The idea is attracting attention not only because of the scope of its possible applications, but because it is based on undergraduate-level mathematics. “Their paper starts with the most elementary framework,” says Brian Greene, a string theorist at Columbia University in New York. “It’s inspiring how far they can go with no fancy machinery.”
Wilczek and his co-authors set up a hypothetical system with a single quantum particle moving along a wire that abruptly splits into two. The stripped-down scenario is effectively the one-dimensional version of an encounter with ripped space-time, which occurs when the topology of a space changes radically. The theorists concentrate on what happens at the endpoints of the wire — setting the ‘boundary conditions’ for the before and after states of the quantum wave associated with the particle. They then show that the wave can evolve continuously without facing any disruptions as the boundary conditions shift from one geometry to the other, incompatible one. “You can smoothly follow this process,” says Al Shapere at the University of Kentucky in Lexington, a co-author on the paper, adding that, like a magician’s rings, the transformation is impossible to visualize, but does make mathematical sense.

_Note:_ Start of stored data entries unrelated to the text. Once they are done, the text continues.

text \<open>Whether an atom \<open>\<phi>\<^sub>i\<close> goes to \<open>\<Phi>\<^sub>K\<^sup>+\<close> or to \<open>\<Phi>\<^sub>K\<^sup>-\<close> is decided by the event
  \<open>\<phi>\<^sub>i <\<^sub>K \<eta>\<close>. For compact \<open>K\<close> with a countable dense subset \<open>D\<close>, continuity and
  compactness turn \<open>f <\<^sub>K g\<close> into \<open>\<exists>n. \<forall>s\<in>D. f s + 1/(n+1) \<le> g s\<close>, a countable
  combination of point evaluations, so these events are measurable. A thinning of the atoms
  by measurable events is a measurable point process: its mass on a Borel set \<open>A\<close> is the
  countable sum over \<open>i\<close> of the indicators of the events \<open>i \<le> N, \<phi>\<^sub>i \<in> A, i kept\<close>.\<close>

lemma compact_imp_countable_dense_subset:
  fixes K :: "'a::metric_space set"
  assumes "compact K"
  obtains D where "countable D" "D \<subseteq> K" "K \<subseteq> closure D"
proof -
  have "\<forall>n::nat. \<exists>F. finite F \<and> F \<subseteq> K \<and> K \<subseteq> (\<Union>x\<in>F. ball x (1 / real (Suc n)))"
    using seq_compact_imp_totally_bounded[OF compact_imp_seq_compact[OF assms]] by simp
  then obtain F where F: "\<And>n. finite (F n)" "\<And>n. F n \<subseteq> K"
    "\<And>n. K \<subseteq> (\<Union>x\<in>F n. ball x (1 / real (Suc n)))"
    by metis
  define D where "D = (\<Union>n. F n)"
  have "s \<in> closure D" if "s \<in> K" for s
    unfolding closure_approachable
  proof (intro allI impI)
    fix e :: real
    assume "0 < e"
    then obtain n where n: "inverse (real (Suc n)) < e"
      using reals_Archimedean by blast
    obtain x where "x \<in> F n" "dist x s < 1 / real (Suc n)"
      using F(3) \<open>s \<in> K\<close> by fastforce
    moreover from this(2) n have "dist x s < e"
      by (simp add: inverse_eq_divide)
    ultimately show "\<exists>y\<in>D. dist y s < e"
      unfolding D_def by blast
  qed
  moreover have "countable D" "D \<subseteq> K"
    using F(1,2) by (auto simp: D_def countable_finite)
  ultimately show ?thesis
    using that by blast
qed

lemma strictly_less_on_compact_imp_uniform_gap:
  fixes f g :: "'a::topological_space \<Rightarrow> real"
  assumes "compact K" "continuous_on K f" "continuous_on K g" "\<forall>s\<in>K. f s < g s"
  shows "\<exists>n::nat. \<forall>s\<in>K. f s + 1 / real (Suc n) \<le> g s"
proof (cases "K = {}")
  case False
  obtain x where "x \<in> K" and min: "\<And>y. y \<in> K \<Longrightarrow> g x - f x \<le> g y - f y"
    using continuous_attains_inf[OF assms(1) False continuous_on_diff[OF assms(3,2)]] by blast
  then have "0 < g x - f x"
    using assms(4) by simp
  then obtain n where n: "inverse (real (Suc n)) < g x - f x"
    using reals_Archimedean by blast
  have "f s + 1 / real (Suc n) \<le> g s" if "s \<in> K" for s
    using min[OF that] n by (simp add: inverse_eq_divide)
  then show ?thesis by blast
qed simp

The desire to escape the mathematical headaches caused by such transformations is one motivation for string theory, which allows smooth changes in the topology of space-time, says Greene. He suggests that the approach developed by Wilczek, Shapere and MIT undergraduate student Zhaoxi Xiong could be applied within string theory too.

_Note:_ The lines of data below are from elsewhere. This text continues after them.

definition ov_lam :: "nat list \<Rightarrow> nat list \<Rightarrow> nat \<Rightarrow> int" where
  "ov_lam \<alpha> \<beta> i = ov_mu \<alpha> \<beta> i + int (\<alpha> ! i)"

definition ov_cells :: "nat list \<Rightarrow> nat list \<Rightarrow> (nat \<times> int) set" where
  "ov_cells \<alpha> \<beta> = {(i, j). i < length \<alpha> \<and> ov_mu \<alpha> \<beta> i \<le> j \<and> j < ov_lam \<alpha> \<beta> i}"

definition ssyt :: "nat \<Rightarrow> (nat \<times> int) set \<Rightarrow> ((nat \<times> int) \<Rightarrow> nat) set" where
  "ssyt n D = {T \<in> D \<rightarrow>\<^sub>E {..<n}.
      (\<forall>i j j'. (i, j) \<in> D \<longrightarrow> (i, j') \<in> D \<longrightarrow> j \<le> j' \<longrightarrow> T (i, j) \<le> T (i, j')) \<and>
      (\<forall>i i' j. (i, j) \<in> D \<longrightarrow> (i', j) \<in> D \<longrightarrow> i < i' \<longrightarrow> T (i, j) < T (i', j))}"

text \<open>{alpha | beta} = s_(lambda/mu) evaluated in the n variables x 0, ..., x (n-1)
(all further variables set to 0).\<close>

definition ov_schur :: "nat \<Rightarrow> (nat \<Rightarrow> 'a::comm_ring_1) \<Rightarrow> nat list \<Rightarrow> nat list \<Rightarrow> 'a" where
  "ov_schur n x \<alpha> \<beta> = (\<Sum>T\<in>ssyt n (ov_cells \<alpha> \<beta>). \<Prod>c\<in>ov_cells \<alpha> \<beta>. x (T c))"

definition standing_hyp :: "nat list \<Rightarrow> nat list \<Rightarrow> nat list \<Rightarrow> nat list \<Rightarrow> bool" where
  "standing_hyp \<sigma> \<tau> \<sigma>b \<tau>b \<longleftrightarrow>
     (\<forall>i<length \<sigma>. 1 \<le> \<sigma> ! i) \<and> (\<forall>i<length \<tau>. 1 \<le> \<tau> ! i) \<and>
     length \<sigma>b = length \<sigma> \<and> length \<tau>b = length \<tau> \<and>
     (\<sigma> \<noteq> [] \<longrightarrow> last \<sigma>b = 1) \<and> (\<tau> \<noteq> [] \<longrightarrow> hd \<tau>b = 1) \<and>
     (\<forall>i. i + 1 < length \<sigma> \<longrightarrow> \<sigma>b ! i \<le> min (\<sigma> ! i) (\<sigma> ! (i + 1))) \<and>
     (\<forall>i. 1 \<le> i \<and> i < length \<tau> \<longrightarrow> \<tau>b ! i \<le> min (\<tau> ! i) (\<tau> ! (i - 1)))"

end

theory Submission
  imports Defs "HOL-Library.Multiset"
begin

(* A semistandard tableau of shape (alpha | beta) is the same thing as a list of weakly
   increasing row words w_0, ..., w_(L-1) in which consecutive rows share beta_i columns:
   the first beta_i letters of w_i lie strictly below the last beta_i letters of w_(i+1).  Switching the tails of two
   adjacent rows (a Lindstroem-Gessel-Viennot type involution) yields the three-term
   relation  {..,p,q,..|..,0,..} = {..,p,q,..|..,r,..} + h_(r-1) {..,p+q-r+1,..|..},
   and overlap 0 factorises.  These two facts give, by algebra alone, the case M = 1 of the
   identity, and an induction on M that moves one row of length a into tau gives the general
   case, with k*a written as a + c.  Finally all shapes occurring in the statement are valid
   under the Standing Hypothesis, so row_schur can be replaced by ov_schur. *)

(* Row u lies above row v and they share b columns: the first b letters of u are strictly
   smaller than the last b letters of v (column strictness on the shared columns). *)
definition overlap_ok :: "nat \<Rightarrow> nat list \<Rightarrow> nat list \<Rightarrow> bool" where
  "overlap_ok b u v \<longleftrightarrow> (\<forall>j<b. u!j < v!(length v - b + j))"

fun overlaps_ok :: "nat list \<Rightarrow> nat list list \<Rightarrow> bool" where
  "overlaps_ok (b#bs) (u#v#ws) = (overlap_ok b u v \<and> overlaps_ok bs (v#ws))"
| "overlaps_ok _ _ = True"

Although Wilczek originally believed that the result was new, a 1995 paper by Aiyalam Balachandran of Syracuse University in New York proposed a similar strategy for describing changes in topology in quantum mechanics (A. P. Balachandran et al. Nucl. Phys. B 446, 299–314; 1995). Balachandran acknowledges that his work hasn’t hit the mainstream and says that he hopes Wilczek’s paper will prompt others to take a closer look. “Conventional approaches to this problem don’t get very far,” he says. “This opens up a new technique.”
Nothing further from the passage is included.